FOXP3 and CD8 T Cells

• A patient with a high number of FOXP3 cells around the neoplastic lesion is likely to have a worse prognosis.
• FOXP3 is a transcription factor expressed in T regulatory cells (Tregs) that suppress immune responses.
• Tregs recruited to tumors inhibit the activity of other immune cells, particularly cytotoxic T cells.
• The presence of a large number of FOXP3 cells indicates immune suppression, which can allow the tumor to evade immune surveillance and grow more aggressively.
• The patient with a large number of CD8+ T cells surrounding the neoplastic lesion is more likely to have a better prognosis since Cytotoxic T cells (CD8+ T cells) are crucial for recognizing and killing tumor cells.
• CD8 T cells directly attack cells expressing abnormal or mutated antigens.
• CD8 T cells indicate the immune system is actively combating the tumor and results in better control over tumor growth.

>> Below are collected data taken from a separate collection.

lemma card_intertwiners_le:
  fixes r :: real
  assumes p: "p permutes {..<n}" and r: "r \<ge> 1"
    and cyc: "\<forall>l\<ge>1. real (num_cycles n p l) \<le> (r / 2) ^ l"
  shows "finite D \<Longrightarrow> inj_on f D \<Longrightarrow>
    real (card (intertwiners n p D f)) \<le> real n ^ card (f ` D - D) * r ^ (card D - card (f ` D - D))"
proof (induction "card D" arbitrary: D rule: less_induct)
  case less
  consider (escape) a where "a \<in> D" "f a \<notin> D" | (empty) "D = {}" | (cycle) x where "x \<in> D" "f ` D \<subseteq> D"
    by blast
  then show ?case
  proof cases
    case escape
    define D' where "D' = D - {a}"
    obtain b where b: "b \<le> 1" "card (f ` D - D) = card (f ` D' - D') + b"
      "card (intertwiners n p D f) \<le> card (intertwiners n p D' f) * n ^ b"
      using card_intertwiners_remove_point[OF less.prems escape] unfolding D'_def by blast
    have card_D: "card D = Suc (card D')"
      unfolding D'_def using less.prems(1) escape(1) by (rule card_Suc_Diff1[symmetric])
    have "finite D'" "inj_on f D'" using less.prems by (auto simp: D'_def inj_on_subset)
    then have IH: "real (card (intertwiners n p D' f))
        \<le> real n ^ card (f ` D' - D') * r ^ (card D' - card (f ` D' - D'))"
      using less.hyps[of D'] card_D by simp
    have e': "card (f ` D' - D') \<le> card D'" using \<open>finite D'\<close> by (rule card_image_Diff_le)
    have "real (card (intertwiners n p D f)) \<le> real (card (intertwiners n p D' f)) * real n ^ b"
      using b(3) by (metis of_nat_le_iff of_nat_mult of_nat_power)
    also have "\<dots> \<le> real n ^ card (f ` D' - D') * r ^ (card D' - card (f ` D' - D')) * real n ^ b"
      using IH by (intro mult_right_mono) auto
    also have "\<dots> = real n ^ card (f ` D - D) * r ^ (card D' - card (f ` D' - D'))"
      using b(2) by (simp add: power_add)
    also have "\<dots> \<le> real n ^ card (f ` D - D) * r ^ (card D - card (f ` D - D))"
      using r b(1,2) card_D e' by (intro mult_left_mono power_increasing) auto
    finally show ?thesis .
  next
    case empty
    then show ?thesis using intertwiners_empty[of n p f] by simp
  next
    case cycle
    obtain C where C: "C \<subseteq> D" "x \<in> C" "f ` (D - C) \<subseteq> D - C"
      "real (card (intertwiners n p D f)) \<le> real (card (intertwiners n p (D - C) f)) * r ^ card C"
      using card_intertwiners_remove_cycle[OF p _ cyc less.prems cycle(2,1)] r by auto
    have "card (D - C) < card D"
      using C(1,2) less.prems(1) by (intro psubset_card_mono) auto
    moreover have "finite (D - C)" "inj_on f (D - C)" using less.prems by (auto simp: inj_on_subset)
    ultimately have "real (card (intertwiners n p (D - C) f)) \<le> real n ^ card (f ` (D - C) - (D - C))
        * r ^ (card (D - C) - card (f ` (D - C) - (D - C)))"
      by (rule less.hyps)
    moreover have "f ` (D - C) - (D - C) = {}" using C(3) by blast
    ultimately have IH: "real (card (intertwiners n p (D - C) f)) \<le> r ^ card (D - C)"
      by simp
    have "finite C" using C(1) less.prems(1) by (rule finite_subset)
    then have card_D: "card D = card (D - C) + card C"
      using C(1) less.prems(1) by (simp add: card_Diff_subset card_mono)
    have "real (card (intertwiners n p D f)) \<le> r ^ card (D - C) * r ^ card C"
      using C(4) IH r by (meson mult_right_mono order_trans zero_le_power zero_le_one le_trans)
    also have "\<dots> = r ^ card D" by (simp add: card_D power_add)
    finally have "real (card (intertwiners n p D f)) \<le> r ^ card D" .
    moreover have no_escape: "f ` D - D = {}" using cycle(2) by blast
    ultimately show ?thesis unfolding no_escape by simp
  qed
qed
(* Let $G$ be a bipartite instance, let $(u,v)\in E$ with $u$'s deadline earlier than $v$'s, and fix the ranks $\mathbf y_{-uv}$ of all vertices other than $u,v$. Let $\tau$ be the marginal rank of $u$ w.r.t. $\mathbf y_{-uv}$ in $G-\{v\}$ and, for $y_u\in[0,1]$, let $\theta(y_u)$ be the marginal rank of $v$ in $G$ w.r.t. the ranks $(y_u,\mathbf y_{-uv})$. Then there exists $\theta\in[0,1]$ such that $\theta(y_u)=\theta$ for all $y_u>\tau$.
   Context: Fully online matching model on a graph $G=(V,E)$: each step is the arrival or the deadline of a vertex; at arrival, edges to previously arrived vertices are revealed; every neighbor of $v$ arrives before $v$'s deadline; at a vertex's deadline, if unmatched, it is irrevocably matched to an unmatched neighbor or left unmatched. Ranking: each vertex $w$ has a rank $y_w\in[0,1)$; at the deadline of an unmatched vertex $w$, if it has unmatched neighbors it is matched to the unmatched neighbor of minimum rank. If an edge $(a,b)$ is matched at $a$'s deadline, $a$ is called active and $b$ passive. Marginal rank: for a vertex $w$ in a graph $H$ and fixed ranks of all other vertices of $H$, the marginal rank of $w$ is the largest value $\theta\in[0,1]$ such that $w$ is passive in the matching produced by Ranking on $H$ when $y_w=\theta^-$ (rank infinitesimally below $\theta$); it equals $0$ if no such value exists. *)

theory Defs
  imports Complex_Main
begin

datatype 'v event = Arr 'v | Dl 'v

definition valid_instance :: "'v event list \<Rightarrow> ('v \<Rightarrow> 'v \<Rightarrow> bool) \<Rightarrow> bool" where
  "valid_instance evs E \<longleftrightarrow>
     distinct evs \<and>
     (\<forall>v. Arr v \<in> set evs \<longleftrightarrow> Dl v \<in> set evs) \<and>
     (\<forall>a b. E a b \<longrightarrow> E b a) \<and>
     (\<forall>a. \<not> E a a) \<and>
     (\<forall>a b. E a b \<longrightarrow> Arr a \<in> set evs \<and> Arr b \<in> set evs) \<and>
     (\<forall>i j v. i < length evs \<and> j < length evs \<and> evs ! i = Dl v \<and> evs ! j = Arr v
        \<longrightarrow> j < i) \<and>
     (\<forall>i j v w. i < length evs \<and> j < length evs \<and> E v w \<and> evs ! i = Dl v
        \<and> evs ! j = Arr w \<longrightarrow> j < i)"

definition bipartite_instance :: "'v event list \<Rightarrow> ('v \<Rightarrow> 'v \<Rightarrow> bool) \<Rightarrow> bool" where
  "bipartite_instance evs E \<longleftrightarrow> valid_instance evs E \<and>
     (\<exists>L :: 'v set. \<forall>a b. E a b \<longrightarrow> (a \<in> L \<longleftrightarrow> b \<notin> L))"

definition deadline_before :: "'v event list \<Rightarrow> 'v \<Rightarrow> 'v \<Rightarrow> bool" where
  "deadline_before evs u v \<longleftrightarrow>
     (\<exists>i j. i < j \<and> j < length evs \<and> evs ! i = Dl u \<and> evs ! j = Dl v)"

definition remove_evs :: "'v event list \<Rightarrow> 'v \<Rightarrow> 'v event list" where
  "remove_evs evs v = filter (\<lambda>e. e \<noteq> Arr v \<and> e \<noteq> Dl v) evs"

definition remove_E :: "('v \<Rightarrow> 'v \<Rightarrow> bool) \<Rightarrow> 'v \<Rightarrow> 'v \<Rightarrow> 'v \<Rightarrow> bool" where
  "remove_E E v = (\<lambda>a b. E a b \<and> a \<noteq> v \<and> b \<noteq> v)"

text \<open>State: arrived vertices, partner map, set of passive vertices.
Ties in rank are broken by the (fixed) linear order on vertex names.\<close>

type_synonym 'v rstate = "'v set \<times> ('v \<Rightarrow> 'v option) \<times> 'v set"

definition min_rank :: "('v::linorder \<Rightarrow> real) \<Rightarrow> 'v set \<Rightarrow> 'v" where
  "min_rank y C = (THE x. x \<in> C \<and> (\<forall>z\<in>C. y x < y z \<or> (y x = y z \<and> x \<le> z)))"

fun rank_step :: "('v::linorder \<Rightarrow> 'v \<Rightarrow> bool) \<Rightarrow> ('v \<Rightarrow> real) \<Rightarrow> 'v rstate \<Rightarrow> 'v event \<Rightarrow> 'v rstate" where
  "rank_step E y (A, m, P) (Arr w) = (insert w A, m, P)"
| "rank_step E y (A, m, P) (Dl w) =
     (if m w = None \<and> (\<exists>x\<in>A. E w x \<and> m x = None) then
        (let x = min_rank y {x \<in> A. E w x \<and> m x = None}
         in (A, m(w := Some x, x := Some w), insert x P))
      else (A, m, P))"

definition ranking :: "'v::linorder event list \<Rightarrow> ('v \<Rightarrow> 'v \<Rightarrow> bool) \<Rightarrow> ('v \<Rightarrow> real) \<Rightarrow> 'v rstate" where
  "ranking evs E y = foldl (rank_step E y) ({}, (\<lambda>_. None), {}) evs"

definition is_passive :: "'v::linorder event list \<Rightarrow> ('v \<Rightarrow> 'v \<Rightarrow> bool) \<Rightarrow> ('v \<Rightarrow> real) \<Rightarrow> 'v \<Rightarrow> bool" where
  "is_passive evs E y w \<longleftrightarrow> w \<in> snd (snd (ranking evs E y))"

definition passive_below :: "'v::linorder event list \<Rightarrow> ('v \<Rightarrow> 'v \<Rightarrow> bool) \<Rightarrow> ('v \<Rightarrow> real) \<Rightarrow> 'v \<Rightarrow> real \<Rightarrow> bool" where
  "passive_below evs E y w \<theta> \<longleftrightarrow>
     (\<exists>\<epsilon>>0. \<forall>t. \<theta> - \<epsilon> < t \<and> t < \<theta> \<longrightarrow> is_passive evs E (y(w := t)) w)"

definition marginal_rank :: "'v::linorder event list \<Rightarrow> ('v \<Rightarrow> 'v \<Rightarrow> bool) \<Rightarrow> ('v \<Rightarrow> real) \<Rightarrow> 'v \<Rightarrow> real" where
  "marginal_rank evs E y w =
     (let S = {\<theta> \<in> {0..1}. passive_below evs E y w \<theta>} in if S = {} then 0 else Sup S)"

end

(*
  As long as v is unmatched, Ranking on G behaves exactly as on G - {v}. For y_u above the
  marginal rank of u in G - {v}, u is never passive there, so in G it is never chosen before v
  gets matched; nor at that step, because u is matched by v's deadline (at u's deadline, v is an
  unmatched neighbour of u). Raising the rank of a vertex that is never chosen does not change a
  run, so the run of G up to the moment v is matched, and with it the passivity of v, is the same
  for every such y_u; hence so is the marginal rank of v.
*)

theory Submission
  imports Defs "HOL-Library.Product_Lexorder"
begin

definition is_min_rank :: "('v::linorder \<Rightarrow> real) \<Rightarrow> 'v set \<Rightarrow> 'v \<Rightarrow> bool" where
  "is_min_rank y C x \<longleftrightarrow> x \<in> C \<and> (\<forall>z\<in>C. y x < y z \<or> (y x = y z \<and> x \<le> z))"

lemma min_rank_eqI: "is_min_rank y C x \<Longrightarrow> min_rank y C = x"
  unfolding min_rank_def is_min_rank_def
  by (rule the_equality) (auto, metis antisym less_asym)

lemma is_min_rank_min_rank:
  assumes "finite C" "C \<noteq> {}"
  shows "is_min_rank y C (min_rank y C)"
proof -
  \<comment> \<open>With ties broken by name, the rank order is the lexicographic order on \<open>(y x, x)\<close>.\<close>
  have "Min ((\<lambda>z. (y z, z)) ` C) \<in> (\<lambda>z. (y z, z)) ` C"
    using assms by (intro Min_in) auto
  then obtain x where x: "x \<in> C" "(y x, x) = Min ((\<lambda>z. (y z, z)) ` C)"
    by auto
  have "(y x, x) \<le> (y z, z)" if "z \<in> C" for z
    unfolding x(2) using assms(1) that by simp
  then have "is_min_rank y C x"
    unfolding is_min_rank_def using x(1) by (auto simp: less_le)
  then show ?thesis by (simp add: min_rank_eqI)
qed

lemma is_min_rank_restrict:
  assumes "is_min_rank y C x" "x \<in> D" "D \<subseteq> C" "\<forall>z\<in>D. y' z = y z"
  shows "is_min_rank y' D x"
  using assms unfolding is_min_rank_def by auto

definition candidates :: "('v \<Rightarrow> 'v \<Rightarrow> bool) \<Rightarrow> 'v set \<Rightarrow> ('v \<Rightarrow> 'v option) \<Rightarrow> 'v \<Rightarrow> 'v set" where
  "candidates E A m w = {x \<in> A. E w x \<and> m x = None}"

lemma finite_candidates: "finite A \<Longrightarrow> finite (candidates E A m w)"
  by (simp add: candidates_def)

lemma candidates_remove:
  "candidates (remove_E E v) (A - {v}) m w = (if w = v then {} else candidates E A m w - {v})"
  by (auto simp: candidates_def remove_E_def)

lemma rank_step_Dl_match:
  assumes "m w = None" "is_min_rank y (candidates E A m w) x"
  shows "rank_step E y (A, m, P) (Dl w) = (A, m(w := Some x, x := Some w), insert x P)"
proof -
  have "\<exists>x\<in>A. E w x \<and> m x = None"
    using assms(2) by (auto simp: is_min_rank_def candidates_def)
  moreover have "min_rank y {x \<in> A. E w x \<and> m x = None} = x"
    using assms(2) min_rank_eqI by (simp add: candidates_def)
  ultimately show ?thesis using assms(1) by simp
qed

Cytokines Inhibiting Anti-Tumor Responses and Treatments

• Several cytokines suppress immune responses against tumors, contributing to tumor immune evasion and promoting tumor progression.
• Transforming Growth Factor-beta (TGF-β) is a potent immunosuppressive cytokine produced by tumor cells, tumor-associated macrophages, and regulatory T cells.
• TGF-β inhibits the activation and function of CD8+ T cells, CD4+ T helper cells, and NK cells.
• TGF-β promotes the differentiation and expansion of Tregs, suppressing anti-tumor immunity.
• TGF-β Inhibits cytokine production, suppresses effector T cell functions, and promotes the epithelial-mesenchymal transition (EMT) that enhances metastasis.
• TGF-β inhibitors are being investigated as potential cancer therapies to restore immune responses and improve the effectiveness of checkpoint inhibitors and cytotoxic treatments.
• Interleukin-10 (IL-10) is an immunosuppressive cytokine that inhibits the activity of T cells and natural killer (NK) cells.
• IL-10 suppresses the production of pro-inflammatory cytokines, limiting the immune response against cancer cells.
• IL-10 also promotes the differentiation of regulatory T cells (Tregs), further suppressing immune activity.
• Immunotherapies targeting IL-10 or its receptors are under investigation.
• Interleukin-13 (IL-13) can modulate the function of immune cells, impairing anti-tumor responses.
• IL-13 targeting strategies are under investigation
• Programmed Death-Ligand 1 (PD-L1): interacts with PD-1 on T cells, leading to T cell exhaustion.
• PD-L1/PD-1 interaction inhibits T cell function, allowing cancer cells to evade immune surveillance.
• Immune checkpoint inhibitors targeting PD-1/PD-L1 are utilized in some cases.
• Classic treatments include Chemotherapy, Radiation Therapy, Immunotherapy and Stem Cell Transplantation.